(* Let $\mu$ be a classification problem with Bayes regressor $f^*$, $r^*_a:=f^*\sharp(\mu^X_a\times\{a\})$, and fix $q\in\mathcal Q_k$. For each $a\in[m]$ let $\gamma^*_a\in\Gamma(r^*_a,q)$ be an optimal coupling for the cost $c(s,y)=\|s-y\|_1$, and let $T^*_{a}:\Delta_k\to\mathcal Y$ be the randomized function induced by $\gamma^*_a$, i.e. with Markov kernel $K_a(s,B)=\gamma^*_a(B\mid s)$ (a regular conditional distribution of $\gamma^*_a$ given the first coordinate). Define the randomized classifier $\bar h(x,a)=T^*_a(f^*(x,a))$. Then $$\sum_{a\in[m]}\mathrm{Err}_a(\bar h)=\frac12\sum_{a\in[m]}W_1(r^*_a,q)\quad\text{and}\quad \mathbb P(\bar h(X,a)=y\mid A=a)=q(y)\ \ \forall a\in[m],\,y\in\mathcal Y;$$ in particular $\bar h$ satisfies demographic parity.
   Context: Setup. $\mathcal X$ is a standard Borel space, $k\ge 2$, $\mathcal Y=\{e_1,\dots,e_k\}\subset\mathbb R^k$ is the set of standard basis vectors (one-hot labels), and $\mathcal A=[m]=\{1,\dots,m\}$. A classification problem is a probability distribution $\mu$ of a triple $(X,Y,A)$ on $\mathcal X\times\mathcal Y\times\mathcal A$ with $\mathbb P(A=a)>0$ for every $a$; $\mu_a$ is $\mu$ conditioned on $A=a$ and $\mu^X_a$ is the law of $X$ under $\mu_a$. A randomized function $f:\mathcal U\to\mathcal V$ is given by a Markov kernel $K$ with $\mathbb P(f(u)\in B)=K(u,B)$; its internal randomness is independent of $(X,Y,A)$. A (randomized) classifier is a randomized function $h:\mathcal X\times\mathcal A\to\mathcal Y$, and $\mathrm{Err}_a(h):=\mathbb P(h(X,a)\neq Y\mid A=a)$, over $\mu$ and the randomness of $h$. $h$ satisfies demographic parity (DP) if $\mathbb P(h(X,a)=y\mid A=a)=\mathbb P(h(X,a')=y\mid A=a')$ for all $y,a,a'$. $\Delta_k=\{x\in\mathbb R^k:x\ge0,\ \sum_i x_i=1\}$. The Bayes regressor is $f^*(x,a)=\mathbb E_\mu[Y\mid X=x,A=a]\in\Delta_k$, and $f^*\sharp(\mu^X_a\times\{a\})$ is the law of $f^*(X,a)$ for $X\sim\mu^X_a$. $\mathcal Q_k$ is the set of probability distributions supported on $\mathcal Y$. $\Gamma(p,q)$ is the set of couplings of $p$ and $q$, and $W_1(p,q)=\inf_{\gamma\in\Gamma(p,q)}\int\|s-s'\|_1\,d\gamma(s,s')$. *)

theory Defs
  imports "HOL-Probability.Probability"
begin

text \<open>Outcomes of the triple (X,Y,A) are elements of type 'x \<times> (real^'k) \<times> nat.
  Labels Y are one-hot vectors in real^'k; groups A are 1..m.\<close>

definition labels :: "(real^'k) set" where
  "labels = range (\<lambda>i. axis i (1::real))"

definition prob_simplex :: "(real^'k) set" where
  "prob_simplex = {s. (\<forall>i. 0 \<le> s $ i) \<and> (\<Sum>i\<in>UNIV. s $ i) = 1}"

definition l1dist :: "real^'k \<Rightarrow> real^'k \<Rightarrow> real" where
  "l1dist s s' = (\<Sum>i\<in>UNIV. \<bar>s $ i - s' $ i\<bar>)"

definition classification_problem ::
    "nat \<Rightarrow> ('x::polish_space \<times> (real^'k) \<times> nat) measure \<Rightarrow> bool" where
  "classification_problem m M \<longleftrightarrow>
     prob_space M \<and>
     sets M = sets (borel \<Otimes>\<^sub>M borel \<Otimes>\<^sub>M count_space UNIV) \<and>
     (AE \<omega> in M. fst (snd \<omega>) \<in> labels \<and> snd (snd \<omega>) \<in> {1..m}) \<and>
     (\<forall>a\<in>{1..m}. measure M {\<omega>\<in>space M. snd (snd \<omega>) = a} > 0)"
(* Let $d\in\mathbb Z_{>0}$ and $s\in\{-1,1\}$. Then there exist infinitely many positive integers $n$ of the special form such that $\Phi_n(T)\equiv 1+sT^d \pmod{T^{2d}}$ in $\mathbb Z[T]$.
   Context: $\Phi_n(T)\in\mathbb Z[T]$ denotes the $n$-th cyclotomic polynomial (the monic minimal polynomial over $\mathbb Q$ of a primitive $n$-th root of unity). A positive integer $n$ is of the special form if $n=pm$ where $p$ is a prime number and $m$ is a positive integer dividing $p-1$. *)

theory Defs
  imports Complex_Main "HOL-Computational_Algebra.Polynomial" "HOL-Computational_Algebra.Primes"
begin

text \<open>The n-th cyclotomic polynomial, defined as in the paper: the monic minimal polynomial
  over the rationals of a primitive n-th root of unity (here the root cis(2 pi / n)),
  which is asserted to have integer coefficients by taking it in int poly.\<close>
definition cyclotomic_poly :: "nat \<Rightarrow> int poly" where
  "cyclotomic_poly n =
     (THE p :: int poly.
        lead_coeff p = 1 \<and>
        poly (map_poly of_int p) (cis (2 * pi / real n)) = (0::complex) \<and>
        (\<forall>q :: rat poly. q \<noteq> 0 \<and> poly (map_poly of_rat q) (cis (2 * pi / real n)) = (0::complex)
            \<longrightarrow> degree p \<le> degree q))"

definition special_form :: "nat \<Rightarrow> bool" where
  "special_form n \<longleftrightarrow> (\<exists>p m. prime p \<and> m > 0 \<and> m dvd (p - 1) \<and> n = p * m)"

end

theory Submission
  imports "Berlekamp_Zassenhaus.Factor_Bound" "HOL-Number_Theory.Number_Theory" Defs
begin

(* All congruences are modulo powers of X; e and s denote signs +-1.
   For squarefree R, the identities Phi_R(X^q) = Phi_qR Phi_R and Phi_R(X^q) = Phi_R(0) mod X^q
   (q a prime not dividing R) show by induction that Phi_R = e (1 - s X) mod X^2, and one extra
   prime flips s. If R contains every prime factor of d and m = R d, then Phi_m(X) = Phi_R(X^d)
   = e (1 - s X^d) mod X^(2d), and the same identities for a prime p >= 2d not dividing m give
   Phi_pm = e (e (1 - s X^d))^(-1) = 1 + s X^d mod X^(2d). Infinitely many such p satisfy
   p = 1 mod m: they are found among the prime factors of the values Phi_m(a).
   Since cyclotomic_poly is defined as a minimal polynomial, the product of X - z over the
   primitive n-th roots z must be shown irreducible: a monic integral minimal polynomial f of
   zeta_n vanishes at zeta_n^p for every large prime p, because f(X^j)^p = f(X^(j p)) mod p while
   the remainders of f(X^j) modulo f have bounded coefficients. *)

section \<open>Primitive roots of unity\<close>

definition primitive_roots :: "nat \<Rightarrow> complex set" where
  "primitive_roots n = {z. z ^ n = 1 \<and> (\<forall>k. z ^ k = 1 \<longrightarrow> n dvd k)}"

lemma primitive_roots_subset: "primitive_roots n \<subseteq> {z. z ^ n = 1}"
  unfolding primitive_roots_def by auto

lemma finite_primitive_roots: "n > 0 \<Longrightarrow> finite (primitive_roots n)"
  using finite_subset[OF primitive_roots_subset finite_nth_roots] by auto

lemma primitive_root_power_eq_1_iff: "z \<in> primitive_roots n \<Longrightarrow> z ^ k = 1 \<longleftrightarrow> n dvd k"
  unfolding primitive_roots_def by (auto simp: power_mult)

lemma primitive_roots_disjoint: "z \<in> primitive_roots e \<Longrightarrow> z \<in> primitive_roots e' \<Longrightarrow> e = e'"
  unfolding primitive_roots_def by (auto intro: dvd_antisym)

lemma primitive_root_nonzero: "n > 0 \<Longrightarrow> z \<in> primitive_roots n \<Longrightarrow> z \<noteq> 0"
  using primitive_root_power_eq_1_iff[of z n n] by (auto simp: power_0_left)

lemma primitive_roots_1: "primitive_roots 1 = {1}"
  unfolding primitive_roots_def by auto
lemma congruence_congr_ext:
  assumes h: "hermitian (Suc p) M" and d: "0 < Re (M p p)"
    and K: "\<And>a b. a < p \<Longrightarrow> b < p \<Longrightarrow> congruence p K (schur_compl p M) a b = id_mat a b"
    and ab: "a < Suc p" "b < Suc p"
  shows "congruence (Suc p) (congr_ext p M K) M a b = id_mat a b"
proof -
  define sd where "sd = complex_of_real (sqrt (Re (M p p)))"
  have dreal: "M p p = of_real (Re (M p p))" using hermitian_diag_real[OF h] by simp
  then have dne: "M p p \<noteq> 0" using d by (metis Re_complex_of_real less_irrefl zero_complex.sel(1))
  have "sd * cnj sd = of_real (Re (M p p))" "cnj sd = sd" "sd \<noteq> 0"
    unfolding sd_def using d by (simp_all flip: of_real_mult)
  then have sd: "sd * cnj sd = M p p" "cnj sd = sd" "sd \<noteq> 0"
    using dreal by simp_all
  define al where "al = (\<lambda>a. \<Sum>c<p. K a c * M c p)"
  define R where "R = (\<lambda>a e. \<Sum>c<Suc p. congr_ext p M K a c * M c e)"
  have R_lt: "R a e = (\<Sum>c<p. K a c * schur_compl p M c e)" if "a < p" for a e
    unfolding R_def using that by (rule congr_ext_mult_schur_compl)
  have R_last: "R p e = M p e / sd" for e
    unfolding R_def congr_ext_def sd_def by simp
  have schur_last: "schur_compl p M c p = 0" for c
    unfolding schur_compl_def using dne by simp
  have "congruence (Suc p) (congr_ext p M K) M a b = (\<Sum>e<Suc p. R a e * cnj (congr_ext p M K b e))"
    unfolding congruence_def R_def sum_distrib_right by (rule sum.swap)
  also have "\<dots> = id_mat a b"
  proof -
    consider "a < p" "b < p" | "a < p" "b = p" | "a = p" "b < p" | "a = p" "b = p"
      using ab by linarith
    then show ?thesis
    proof cases
      case 1
      have "(\<Sum>e<Suc p. R a e * cnj (congr_ext p M K b e))
          = (\<Sum>e<p. (\<Sum>c<p. K a c * schur_compl p M c e) * cnj (K b e))"
        using 1 by (simp add: R_lt schur_last congr_ext_def)
      also have "\<dots> = congruence p K (schur_compl p M) a b"
        unfolding congruence_def sum_distrib_right by (rule sum.swap)
      finally show ?thesis using K[OF 1] by simp
    next
      case 2
      then show ?thesis by (simp add: R_lt schur_last congr_ext_def id_mat_def)
    next
      case 3
      have cd: "cnj (M p p) = M p p" using hermitianD[OF h, of p p] by simp
      have c: "(\<Sum>e<p. M p e * cnj (K b e)) = cnj (al b)"
        unfolding al_def cnj_sum using hermitianD[OF h, of _ p]
        by (intro sum.cong refl) (simp add: mult.commute)
      have "(\<Sum>e<Suc p. R a e * cnj (congr_ext p M K b e))
          = (\<Sum>e<p. M p e * cnj (K b e)) / sd + (M p p / sd) * cnj (- al b / M p p)"
        using 3 by (simp add: R_last congr_ext_def sum_divide_distrib al_def)
      also have "\<dots> = 0" unfolding c using dne sd cd by (simp add: field_simps)
      finally show ?thesis using 3 by (simp add: id_mat_def)
    next
      case 4
      have "(\<Sum>e<Suc p. R a e * cnj (congr_ext p M K b e)) = M p p / (sd * cnj sd)"
        using 4 by (simp add: R_last congr_ext_def sd_def)
      then show ?thesis using 4 sd dne by (simp add: id_mat_def)
    qed
  qed
  finally show ?thesis .
qed

lemma inv_ext_left_inverse:
  assumes d: "0 < Re (M p p)" and dreal: "M p p = of_real (Re (M p p))"
    and L: "\<And>a b. a < p \<Longrightarrow> b < p \<Longrightarrow> (\<Sum>c<p. L a c * K c b) = id_mat a b"
    and ab: "a < Suc p" "b < Suc p"
  shows "(\<Sum>c<Suc p. inv_ext p M L a c * congr_ext p M K c b) = id_mat a b"
proof -
  define sd where "sd = complex_of_real (sqrt (Re (M p p)))"
  have dne: "M p p \<noteq> 0" using d dreal by (metis Re_complex_of_real less_irrefl zero_complex.sel(1))
  have "sd * sd = of_real (Re (M p p))" "sd \<noteq> 0"
    unfolding sd_def using d by (simp_all flip: of_real_mult)
  then have sd: "sd * sd = M p p" "sd \<noteq> 0"
    using dreal by simp_all
  consider "a < p" "b < p" | "a < p" "b = p" | "a = p" "b < p" | "a = p" "b = p"
    using ab by linarith
  then show ?thesis
  proof cases
    case 1
    then show ?thesis using L[OF 1] by (simp add: inv_ext_def congr_ext_def)
  next
    case 2
    define al where "al c = (\<Sum>e<p. K c e * M e p)" for c
    have "(\<Sum>c<p. L a c * al c) = (\<Sum>e<p. (\<Sum>c<p. L a c * K c e) * M e p)"
      unfolding al_def by (simp add: sum_distrib_left sum_distrib_right mult.assoc) (rule sum.swap)
    also have "\<dots> = (\<Sum>e<p. id_mat a e * M e p)"
      using L 2 by (intro sum.cong) auto
    also have "\<dots> = M a p" using 2 by (simp add: sum_id_mat_left)
    finally have LKm: "(\<Sum>c<p. L a c * al c) = M a p" .
    have "(\<Sum>c<Suc p. inv_ext p M L a c * congr_ext p M K c b)
        = - (\<Sum>c<p. L a c * al c) / M p p + M a p / (sd * sd)"
      using 2 by (simp add: inv_ext_def congr_ext_def sd_def sum_divide_distrib sum_negf flip: al_def)
    then show ?thesis using LKm sd dne 2 by (simp add: id_mat_def)
  next
    case 3
    then show ?thesis by (simp add: inv_ext_def congr_ext_def id_mat_def)
  next
    case 4
    then show ?thesis using sd dne by (simp add: inv_ext_def congr_ext_def id_mat_def sd_def)
  qed
qed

-*-*-

#### What you need to do:
Look above for the line that contains "cnj sd = of_real". Starting there, transcribe every line exactly until you have copied the line that contains "e = (\<Sum>c<p.".

#### Task result:
  have "sd * cnj sd = of_real (Re (M p p))" "cnj sd = sd" "sd \<noteq> 0"
    unfolding sd_def using d by (simp_all flip: of_real_mult)
  then have sd: "sd * cnj sd = M p p" "cnj sd = sd" "sd \<noteq> 0"
    using dreal by simp_all
  define al where "al = (\<lambda>a. \<Sum>c<p. K a c * M c p)"
  define R where "R = (\<lambda>a e. \<Sum>c<Suc p. congr_ext p M K a c * M c e)"
  have R_lt: "R a e = (\<Sum>c<p. K a c * schur_compl p M c e)" if "a < p" for a e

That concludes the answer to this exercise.